Climate change policy informing HCI
Climate change policies have become widespread and almost certainly should inform HCI research in some capacity of another, if they haven’t already. Every region, country, city, and scale that HCI research is conducted in will be influenced by some form of climate change policy. Although no documentation explicitly states that climate change policy has directly influenced the HCI community, the emergence of the sustainable HCI community runs in tandem with the growth in climate change policy adoption worldwide. Some HCI research projects focused on behaviour change technologies, energy and data demand, and sustainable social practices also appear to align with climate change policy goals (e.g. [29, 71, 101, 140, 201, 203]). However, no clear evidence suggests that work undertaken by HCI researchers and practitioners is a direct response to any governmental or intergovernmental climate change policies, projects, targets or goals.

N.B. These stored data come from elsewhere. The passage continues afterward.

(* Let $\mathcal{D}$ be a $\{K_3,K_4\}$-decomposition of $K_{18}$ with $\alpha=13$, let $W$ be the set of vertices $x$ with $\alpha_x\ge 2$, and for $i\in\{0,1,2,3\}$ let $t_i$ be the number of copies of $K_3$ in $\mathcal{D}$ having exactly $i$ vertices in $W$. Then $(t_0,t_1,t_2,t_3)\neq(0,2,7,4)$.
   Context: A $\{K_3,K_4\}$-decomposition of $K_v$ is a collection of subgraphs, each isomorphic to $K_3$ or $K_4$, such that every edge of $K_v$ lies in exactly one of them. $\alpha$ is the number of copies of $K_3$ in the decomposition, and for a vertex $x$, $\alpha_x$ is the number of copies of $K_3$ in the decomposition containing $x$. *)

theory Defs
  imports Main
begin

text \<open>A K_3/K_4-decomposition of the complete graph on vertex set V: a set D of
  subgraphs, each a complete graph on a 3- or 4-subset of V (identified with its
  vertex set), such that every edge (2-subset) of V lies in exactly one member of D.\<close>

definition K34_decomposition :: "'a set \<Rightarrow> 'a set set \<Rightarrow> bool" where
  "K34_decomposition V D \<longleftrightarrow>
     (\<forall>B\<in>D. B \<subseteq> V \<and> (card B = 3 \<or> card B = 4)) \<and>
     (\<forall>x\<in>V. \<forall>y\<in>V. x \<noteq> y \<longrightarrow> (\<exists>!B. B \<in> D \<and> {x, y} \<subseteq> B))"

definition triangles :: "'a set set \<Rightarrow> 'a set set" where
  "triangles D = {B \<in> D. card B = 3}"

definition alpha :: "'a set set \<Rightarrow> nat" where
  "alpha D = card (triangles D)"

definition alpha_at :: "'a set set \<Rightarrow> 'a \<Rightarrow> nat" where
  "alpha_at D x = card {B \<in> triangles D. x \<in> B}"

end

theory Submission
  imports Defs
begin

(*
  Call the vertices of W heavy, a K_3 light if exactly one of its vertices (its apex) is heavy
  and full if all are, and a K_4 rich if it has two heavy vertices; beta_x counts the K_4
  containing x.  Counting the edges at x gives 2 alpha_x + 3 beta_x = 17, so alpha_x is 1, 4
  or 7.  The profile (0,2,7,4) then forces |W| = 7, alpha = 4 on W and alpha = 1 off W, and
  counting heavy pairs shows that no K_4 has three heavy vertices and exactly two are rich.
  The two non-heavy vertices of a light triangle lie in distinct rich K_4, so no K_4 through
  its apex is rich; the six heavy neighbours of the apex are then covered by its three other
  triangles, which must all be full.  Two light triangles thus give 3 + 3 - 1 = 5 full
  triangles, but t_3 = 4.
*)

definition quadruples :: "'a set set \<Rightarrow> 'a set set" where
  "quadruples D = {B \<in> D. card B = 4}"

definition beta_at :: "'a set set \<Rightarrow> 'a \<Rightarrow> nat" where
  "beta_at D x = card {B \<in> quadruples D. x \<in> B}"

lemma card_filter_eq_sum:
  assumes "finite F"
  shows "card {B \<in> F. P B} = (\<Sum>B\<in>F. if P B then 1 else 0)"
  using sum.inter_filter[OF assms, of "\<lambda>_. 1::nat" P] by simp

lemma sum_card_containing:
  assumes "finite F" "finite S"
  shows "(\<Sum>x\<in>S. card {B \<in> F. x \<in> B}) = (\<Sum>B\<in>F. card (B \<inter> S))"
proof -
  have "(\<Sum>x\<in>S. card {B \<in> F. x \<in> B}) = (\<Sum>x\<in>S. \<Sum>B\<in>F. if x \<in> B then 1 else 0)"
    using assms(1) by (simp add: card_filter_eq_sum)
  also have "\<dots> = (\<Sum>B\<in>F. \<Sum>x\<in>S. if x \<in> B then 1 else 0)"
    by (rule sum.swap)
  also have "\<dots> = (\<Sum>B\<in>F. card (B \<inter> S))"
    using card_filter_eq_sum[OF assms(2)] by (simp add: Int_def conj_commute)
  finally show ?thesis .
qed
lemma doubled_max_super_jet:
  assumes "\<alpha> > 0" and P: "(t, h) \<in> strip" "(s, k) \<in> strip" and "s > 0"
    and max: "\<And>q. q \<in> strip \<Longrightarrow> doubled \<alpha> ((t, h), q) \<le> doubled \<alpha> ((t, h), (s, k))"
  defines "B \<equiv> (h - k) / \<alpha> - 2 * \<eta> * (k + 4 * \<Lambda> * s) + \<gamma> / (1 + k)\<^sup>2"
  shows "2 * B\<^sup>2 \<le> (t - s) / \<alpha> - 2 * \<eta> * (4 * \<Lambda>) * (k + 4 * \<Lambda> * s) - \<delta> / (T - s)\<^sup>2"
    and "\<bar>B\<bar> \<le> \<Lambda>"
proof -
  define A where "A = (t - s) / \<alpha> - 2 * \<eta> * (4 * \<Lambda>) * (k + 4 * \<Lambda> * s) - \<delta> / (T - s)\<^sup>2"
  define M where "M = 1 / (2 * \<alpha>) + 2 * \<eta> * (1 + (4 * \<Lambda>)\<^sup>2) + \<gamma> + 2 * \<delta> / (T - s) ^ 3"
  have e: "(T - s) / 2 > 0" using P by auto
  have jet: "A * (s' - s) + B * (k' - k) - M * ((s' - s)\<^sup>2 + (k' - k)\<^sup>2) \<le> v (s', k') - v (s, k)"
    if "s' > 0" "k' \<ge> 0" "dist (s', k') (s, k) < (T - s) / 2" for s' k'
  proof -
    have close: "\<bar>s' - s\<bar> \<le> (T - s) / 2"
      using that(3) dist_fst_le[of "(s', k')" "(s, k)"] by (simp add: dist_real_def)
    have "s' - s \<le> (T - s) / 2" using close by (rule abs_le_D1)
    then have "s' < T" using P by auto
    then have "(s', k') \<in> strip" using that by auto
    then have "- (((t - s')\<^sup>2 + (h - k')\<^sup>2 - ((t - s)\<^sup>2 + (h - k)\<^sup>2)) / (2 * \<alpha>))
        - (w (s', k') - w (s, k)) \<le> v (s', k') - v (s, k)"
      using max[of "(s', k')"] unfolding doubled_def by (simp add: diff_divide_distrib)
    moreover have "((t - s')\<^sup>2 + (h - k')\<^sup>2 - ((t - s)\<^sup>2 + (h - k)\<^sup>2)) / (2 * \<alpha>)
        = - ((t - s) / \<alpha> * (s' - s)) - (h - k) / \<alpha> * (k' - k) + 1 / (2 * \<alpha>) * ((s' - s)\<^sup>2 + (k' - k)\<^sup>2)"
      using \<open>\<alpha> > 0\<close> by (simp add: field_simps power2_eq_square)
    moreover have "w (s', k') - w (s, k) \<le>
        (2 * \<eta> * (4 * \<Lambda>) * (k + 4 * \<Lambda> * s) + \<delta> / (T - s)\<^sup>2) * (s' - s)
      + (2 * \<eta> * (k + 4 * \<Lambda> * s) - \<gamma> / (1 + k)\<^sup>2) * (k' - k)
      + (2 * \<eta> * (1 + (4 * \<Lambda>)\<^sup>2) + \<gamma> + 2 * \<delta> / (T - s) ^ 3) * ((s' - s)\<^sup>2 + (k' - k)\<^sup>2)"
      using close that P \<eta>_pos \<gamma>_pos \<delta>_pos by (intro localizer_taylor) auto
    ultimately show ?thesis
      unfolding A_def B_def M_def by (simp only: ring_distribs add_divide_distrib diff_divide_distrib; linarith)
  qed
  have visc: "if k > 0 then A - 2 * B\<^sup>2 \<ge> 0 else max (- B) (A - 2 * B\<^sup>2) \<ge> 0"
    using P by (intro supersolution_lower_jet[OF super \<open>s > 0\<close> _ e jet]) auto
  have jet_k: "- v (s, k') - - v (s, k) \<le> - B * (k' - k) + M * (k' - k)\<^sup>2"
    if "k' \<ge> 0" "\<bar>k' - k\<bar> < (T - s) / 2" for k'
    using jet[of s k'] that \<open>s > 0\<close> by (simp add: dist_Pair_Pair dist_real_def)
  have lip_k: "\<bar>- v (s, k') - - v (s, k)\<bar> \<le> \<Lambda> * \<bar>k' - k\<bar>" if "k' \<ge> 0" for k'
    using lip_v[of s k' k] that P by (auto simp: abs_minus_commute)
  have "- \<Lambda> \<le> - B" "k > 0 \<Longrightarrow> - B \<le> \<Lambda>"
    using upper_jet_slope_bounds[OF e _ jet_k lip_k] P by auto
  moreover have "B > 0" if "k = 0"
  proof -
    have "0 \<le> (h - k) / \<alpha>" "\<gamma> / (1 + k)\<^sup>2 = \<gamma>" "2 * \<eta> * (k + 4 * \<Lambda> * s) < \<gamma>"
      using that P \<open>\<alpha> > 0\<close> drift_below_barrier[of s] by auto
    then show ?thesis unfolding B_def by linarith
  qed
  ultimately show "2 * B\<^sup>2 \<le> A" "\<bar>B\<bar> \<le> \<Lambda>"
    using visc P by (auto split: if_splits)
qed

HCI informing climate change policy
Again, there is no evidence to suggest that the HCI community has attempted to influence—or has successfully influenced—climate change policies. However, the HCI community has produced a considerable body of work exploring how social practices and digital technologies affect energy consumption in the home and workplace, as well as through distributed digital service design [14, 99, 101, 204]. The HCI community has also learned many lessons from persuasive technology projects [29, 71, 140, 201, 203]. These findings appear to have gone largely unnoticed by environmental public policymakers, whose efforts remain focused on behavioural change technologies [230], especially related to energy consumption (e.g. [47]). This focus opens a series of opportunities for the HCI community to share their expertise with policymakers, and possibly influence climate change policies. Moreover, the HCI community could engage with the design and development of spatial planning software packages, which help policymakers think about and design climate change adaptation and mitigation projects [147].